The report also is highly critical of the inherent conflicts with dually registered BD/FCMs. It points out that in both MF Global and Lehman’s cases, BD/FCMs were actively using segregated customer property held at their FCM to facilitate operations. “JPMorgan was a custodian of customer funds for both Lehman and MF Global. In both instances, JP Morgan withheld funds it knew or should have known belonged to customers,” the report claims adding, “JPMorgan was extending credit on the value of Lehman’s customers’ money for 22 months with impunity. Only after Lehman collapsed and JPMorgan tried to keep the property of Lehman’s customers did regulators uncover violations.”

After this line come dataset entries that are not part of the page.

(* Assume the setting of Lemma 1: $\mathcal Q=\mathbb{R}^N$ with coordinates $(\lambda^1,\dots,\lambda^k,x^1,\dots,x^{N-k})$, constraints $\hat C_I=\hat p_I-\partial S/\partial\lambda^I$ with $S$ smooth real and $\hat p_I=-i\hbar\partial_{\lambda^I}$, and global gauge conditions $G_K(\lambda,x)=0$ ($K=1,\dots,k$) depending only on configuration variables, having for each $x$ a unique solution $\lambda^K=c^K(x)$ with nonvanishing $\det(\partial G_K/\partial\lambda^I)$. Define the physical inner product of $\psi^{\rm phys}=\prod_I\delta(\hat C_I)\psi^{\rm kin}$ and $\phi^{\rm phys}=\prod_I\delta(\hat C_I)\phi^{\rm kin}$ by $$\langle\psi^{\rm phys}|\phi^{\rm phys}\rangle_{\rm phys}:=\int_{\mathcal Q}d\lambda\,dx\,\big(\psi^{\rm kin}(\lambda,x)\big)^*\prod_{I=1}^k\delta(\hat C_I)\phi^{\rm kin}(\lambda,x).$$ Then $$\langle\psi^{\rm phys}|\phi^{\rm phys}\rangle_{\rm phys}=\int_{\mathcal Q}d\xi(\lambda,x)\,\big(\psi^{\rm phys}(\lambda,x)\big)^*\phi^{\rm phys}(\lambda,x)=(2\pi\hbar)^k\int_{\mathbb{R}^{N-k}}\prod_\alpha dx^\alpha\,\big(\psi^{\rm phys}(\lambda,x)\big)^*\phi^{\rm phys}(\lambda,x),$$ with the regularized (Faddeev–Popov) measure $$d\xi(\lambda,x):=(2\pi)^k\prod_{I,\alpha}d\lambda^I dx^\alpha\,\Big|\det\big([\hat G_K,\hat C_I]\big)\Big|\prod_{K=1}^k\delta\big(G_K(\lambda,x)\big),$$ where the integrand in the last expression is independent of $\lambda$. The physical inner product is independent of the particular choice of gauge conditions $G_K$.
   Context: $\delta(\hat C):=\frac{1}{2\pi\hbar}\int_{\mathbb{R}}ds\,e^{is\hat C/\hbar}$ (improper group-averaging projector). $[\hat G_K,\hat C_I]=i\hbar\,\partial G_K/\partial\lambda^I$ is a multiplication operator and $\det$ denotes the determinant of the $k\times k$ matrix. Kinematical states lie in $L^2(\mathbb{R}^N,d\lambda\,dx)$ with standard Lebesgue measure, assumed such that all integrals converge; the physical inner product is well defined on equivalence classes of kinematical states having the same image under $\prod_I\delta(\hat C_I)$. *)

theory Defs
  imports "HOL-Analysis.Analysis"
begin

text \<open>Configuration space Q = R^N = R^k x R^(N-k), points (l, x) with
  l :: real^'k (the lambda^I) and x :: real^'m (the x^alpha).
  Wave functions are maps real^'k => real^'m => complex.\<close>

definition jac :: "(real^'k \<Rightarrow> real^'k) \<Rightarrow> real^'k \<Rightarrow> real^'k^'k" where
  "jac F l = (\<chi> K I. deriv (\<lambda>t. F (l + t *\<^sub>R axis I 1) $ K) 0)"

text \<open>Unitary group generated by the constraints C_I = p_I - dS/dlambda^I,
  p_I = -i hbar d/dlambda^I:  prod_I exp(i s_I C_I / hbar).  Since
  C_I = e^(iS/hbar) p_I e^(-iS/hbar) and exp(i s p/hbar) is translation by s,
  this acts as below.\<close>
definition constr_flow ::
  "(real^'k \<Rightarrow> real^'m \<Rightarrow> real) \<Rightarrow> real \<Rightarrow> real^'k
    \<Rightarrow> (real^'k \<Rightarrow> real^'m \<Rightarrow> complex) \<Rightarrow> real^'k \<Rightarrow> real^'m \<Rightarrow> complex" where
  "constr_flow S hb s \<psi> l x =
     exp (\<i> * complex_of_real (S l x / hb)) * exp (- \<i> * complex_of_real (S (l + s) x / hb))
       * \<psi> (l + s) x"

text \<open>Group-averaging projector prod_I delta(C_I), with
  delta(C) = 1/(2 pi hbar) int ds exp(i s C/hbar), i.e.
  (2 pi hbar)^(-k) int_{R^k} d^k s prod_I exp(i s_I C_I/hbar).\<close>
definition phys_proj ::
  "(real^'k \<Rightarrow> real^'m \<Rightarrow> real) \<Rightarrow> real
    \<Rightarrow> (real^'k \<Rightarrow> real^'m \<Rightarrow> complex) \<Rightarrow> real^'k \<Rightarrow> real^'m \<Rightarrow> complex" where
  "phys_proj S hb \<psi> l x =
     complex_of_real ((1 / (2 * pi * hb)) ^ CARD('k)) *
       (\<integral>s. constr_flow S hb s \<psi> l x \<partial>lborel)"

definition phys_ip ::
  "(real^'k \<Rightarrow> real^'m \<Rightarrow> real) \<Rightarrow> real
    \<Rightarrow> (real^'k \<Rightarrow> real^'m \<Rightarrow> complex) \<Rightarrow> (real^'k \<Rightarrow> real^'m \<Rightarrow> complex) \<Rightarrow> complex" where
  "phys_ip S hb \<psi> \<phi> =
     (\<integral>p. cnj (\<psi> (fst p) (snd p)) * phys_proj S hb \<phi> (fst p) (snd p) \<partial>lborel)"

definition gauge_ok :: "(real^'k \<Rightarrow> real^'m \<Rightarrow> real^'k) \<Rightarrow> bool" where
  "gauge_ok G \<longleftrightarrow>
     (\<forall>x l. (\<lambda>l'. G l' x) differentiable (at l)) \<and>
     (\<forall>x. \<exists>!l. G l x = 0) \<and>
     (\<forall>x l. G l x = 0 \<longrightarrow> det (jac (\<lambda>l'. G l' x) l) \<noteq> 0)"

text \<open>Matrix of commutators [G_K, C_I] = i hbar dG_K/dlambda^I
  (multiplication operators), row K, column I.\<close>
definition comm_mat ::
  "real \<Rightarrow> (real^'k \<Rightarrow> real^'m \<Rightarrow> real^'k) \<Rightarrow> real^'k \<Rightarrow> real^'m \<Rightarrow> complex^'k^'k" where
  "comm_mat hb G l x = (\<chi> K I. \<i> * complex_of_real hb * complex_of_real (jac (\<lambda>l'. G l' x) l $ K $ I))"

text \<open>Composition of the Dirac delta with a map F : R^k -> R^k having only
  regular zeros (pullback of delta): int d^k lambda prod_K delta(F_K(lambda)) f(lambda)
  = sum over zeros c of f(c)/|det dF(c)|.\<close>
definition delta_pull :: "(real^'k \<Rightarrow> real^'k) \<Rightarrow> (real^'k \<Rightarrow> complex) \<Rightarrow> complex" where
  "delta_pull F f = (\<Sum>c\<in>{c. F c = 0}. f c / complex_of_real \<bar>det (jac F c)\<bar>)"

definition fp_ip ::
  "(real^'k \<Rightarrow> real^'m \<Rightarrow> real) \<Rightarrow> real \<Rightarrow> (real^'k \<Rightarrow> real^'m \<Rightarrow> real^'k)
    \<Rightarrow> (real^'k \<Rightarrow> real^'m \<Rightarrow> complex) \<Rightarrow> (real^'k \<Rightarrow> real^'m \<Rightarrow> complex) \<Rightarrow> complex" where
  "fp_ip S hb G \<psi> \<phi> =
     complex_of_real ((2 * pi) ^ CARD('k)) *
       (\<integral>x. delta_pull (\<lambda>l. G l x)
              (\<lambda>l. complex_of_real (cmod (det (comm_mat hb G l x)))
                    * cnj (phys_proj S hb \<psi> l x) * phys_proj S hb \<phi> l x) \<partial>lborel)"

end

theory Submission
  imports Defs
begin

text \<open>Since C_I = exp(i S/hb) p_I exp(-i S/hb), the group average is an average over
  translations in \<open>\<lambda>\<close>.  By translation invariance of Lebesgue measure,
  psi_phys(l, x) = (2 pi hb)^-k exp(i S(l,x)/hb) Phi_psi(x) with
  Phi_psi(x) = int exp(-i S(s,x)/hb) psi(s,x) ds.  The phase cancels in
  conj(psi_phys) phi_phys, which is therefore independent of \<open>\<lambda>\<close>, and Fubini
  reduces the physical inner product to (2 pi hb)^-k int conj(Phi_psi) Phi_phi dx.
  In the Faddeev--Popov integral the delta function picks the unique gauge-fixing
  point \<open>\<lambda> = c(x)\<close>, where the weight |det [G,C]| / |det dG/d\<lambda>| = hb^k does
  not depend on \<open>G\<close>.\<close>

lemma integral_lborel_translate:
  fixes f :: "'a::euclidean_space \<Rightarrow> 'b::{banach, second_countable_topology}"
  shows "(\<integral>s. f (l + s) \<partial>lborel) = (\<integral>s. f s \<partial>lborel)"
proof (cases "f \<in> borel_measurable borel")
  case True
  have "integral\<^sup>L (distr lborel borel ((+) l)) f = (\<integral>s. f (l + s) \<partial>lborel)"
    by (rule integral_distr) (auto simp: True)
  then show ?thesis by (simp add: lborel_distr_plus)
next
  case False
  have "(\<lambda>s. f (l + s)) \<notin> borel_measurable borel"
  proof
    assume "(\<lambda>s. f (l + s)) \<in> borel_measurable borel"
    then have "(\<lambda>t. f (l + (t - l))) \<in> borel_measurable borel"
      by (rule measurable_compose[rotated]) simp
    with False show False by simp
  qed
  then have "\<not> integrable lborel (\<lambda>s. f (l + s))" by auto
  moreover from False have "\<not> integrable lborel f" by auto
  ultimately show ?thesis by (simp add: not_integrable_integral_eq)
qed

It says a forced separation “would simplify and preserve the priority of classes in bankruptcy for each separate entity” and “would stop the wholesale raiding of customer property by a liquidity-stressed BD/FCM.”
On the bankruptcy side, it recommends establishing a legal right for customer representation on creditors’ committees in FCM Chapter 11 cases, preventing the application of Safe Harbor provisions in cases where customer segregated money is involved and applying market forces to determine attorney and trustee fees in bankruptcy proceedings.
In its summary the CCC states, “MF Global’s failure has shattered that notion and exposed tremendous shortcomings in the system designed to protect customer assets. For this reason, the collapse of MF Global deserves a robust policy response which amends the existing regulatory structure and contemplates new mechanisms in order to strengthen the safeguards which protect customer property.”
To emphasize this, it points out that the amount of excess customer funds held at FCMs has dropped considerably in the last year.